*Data for processing*.
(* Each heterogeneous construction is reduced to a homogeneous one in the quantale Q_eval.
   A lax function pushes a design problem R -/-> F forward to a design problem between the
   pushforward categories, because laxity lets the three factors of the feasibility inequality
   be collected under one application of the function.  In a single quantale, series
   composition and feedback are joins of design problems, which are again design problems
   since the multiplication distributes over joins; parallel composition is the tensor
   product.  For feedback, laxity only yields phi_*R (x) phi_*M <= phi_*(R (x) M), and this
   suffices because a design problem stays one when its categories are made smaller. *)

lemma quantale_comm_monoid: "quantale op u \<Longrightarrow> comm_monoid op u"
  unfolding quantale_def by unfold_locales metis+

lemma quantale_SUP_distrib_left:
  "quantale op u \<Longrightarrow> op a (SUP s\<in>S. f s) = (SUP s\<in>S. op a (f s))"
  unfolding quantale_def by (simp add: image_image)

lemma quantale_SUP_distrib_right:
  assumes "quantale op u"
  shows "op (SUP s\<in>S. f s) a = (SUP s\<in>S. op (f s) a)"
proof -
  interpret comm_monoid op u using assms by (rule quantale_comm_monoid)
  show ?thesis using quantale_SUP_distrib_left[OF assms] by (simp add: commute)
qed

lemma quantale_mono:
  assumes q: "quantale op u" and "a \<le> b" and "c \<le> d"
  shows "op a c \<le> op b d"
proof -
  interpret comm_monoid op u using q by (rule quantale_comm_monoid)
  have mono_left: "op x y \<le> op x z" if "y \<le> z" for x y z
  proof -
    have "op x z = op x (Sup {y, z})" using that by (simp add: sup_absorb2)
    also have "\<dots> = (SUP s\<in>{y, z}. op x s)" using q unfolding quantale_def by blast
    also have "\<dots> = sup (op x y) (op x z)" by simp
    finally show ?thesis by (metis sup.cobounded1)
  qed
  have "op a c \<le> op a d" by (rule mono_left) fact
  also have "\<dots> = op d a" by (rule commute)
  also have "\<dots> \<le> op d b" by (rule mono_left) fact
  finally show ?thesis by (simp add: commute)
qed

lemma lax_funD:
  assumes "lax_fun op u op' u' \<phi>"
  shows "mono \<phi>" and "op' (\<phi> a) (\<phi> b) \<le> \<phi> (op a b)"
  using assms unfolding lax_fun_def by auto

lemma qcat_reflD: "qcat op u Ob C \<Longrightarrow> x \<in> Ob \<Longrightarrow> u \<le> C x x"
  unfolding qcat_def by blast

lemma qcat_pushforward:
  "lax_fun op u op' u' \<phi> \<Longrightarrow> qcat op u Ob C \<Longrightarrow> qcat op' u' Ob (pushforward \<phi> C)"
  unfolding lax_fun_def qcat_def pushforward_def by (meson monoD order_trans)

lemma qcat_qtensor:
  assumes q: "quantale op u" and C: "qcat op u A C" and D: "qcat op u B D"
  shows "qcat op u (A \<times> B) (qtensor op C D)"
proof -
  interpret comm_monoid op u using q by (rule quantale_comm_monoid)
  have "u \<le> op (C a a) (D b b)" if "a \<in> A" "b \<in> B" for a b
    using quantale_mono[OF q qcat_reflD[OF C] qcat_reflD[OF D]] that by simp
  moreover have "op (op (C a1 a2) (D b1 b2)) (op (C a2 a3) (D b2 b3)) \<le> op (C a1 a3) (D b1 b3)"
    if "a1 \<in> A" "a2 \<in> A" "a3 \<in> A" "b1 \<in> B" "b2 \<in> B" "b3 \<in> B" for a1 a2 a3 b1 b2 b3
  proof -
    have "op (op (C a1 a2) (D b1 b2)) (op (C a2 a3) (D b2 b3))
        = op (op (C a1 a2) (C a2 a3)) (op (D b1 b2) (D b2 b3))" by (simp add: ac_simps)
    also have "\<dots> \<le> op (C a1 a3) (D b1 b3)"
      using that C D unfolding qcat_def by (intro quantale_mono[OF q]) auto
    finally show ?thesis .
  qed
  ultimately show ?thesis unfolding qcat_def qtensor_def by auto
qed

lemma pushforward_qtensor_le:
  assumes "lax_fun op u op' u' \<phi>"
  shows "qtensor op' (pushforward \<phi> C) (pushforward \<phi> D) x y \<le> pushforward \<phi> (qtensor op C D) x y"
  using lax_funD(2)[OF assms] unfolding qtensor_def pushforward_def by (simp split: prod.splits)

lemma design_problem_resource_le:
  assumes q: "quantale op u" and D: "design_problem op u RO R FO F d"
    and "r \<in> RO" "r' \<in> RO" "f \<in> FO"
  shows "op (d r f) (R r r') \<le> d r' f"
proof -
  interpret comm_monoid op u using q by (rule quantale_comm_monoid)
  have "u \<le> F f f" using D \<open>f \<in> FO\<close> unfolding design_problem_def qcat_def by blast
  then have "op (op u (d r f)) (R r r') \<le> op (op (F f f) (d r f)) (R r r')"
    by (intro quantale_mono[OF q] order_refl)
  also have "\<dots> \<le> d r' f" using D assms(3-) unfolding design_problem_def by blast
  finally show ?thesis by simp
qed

*What you are asked to do*. Using the listing above, say how many of its lines contain "categories", and give no other words.

*Result of the exercise*. 2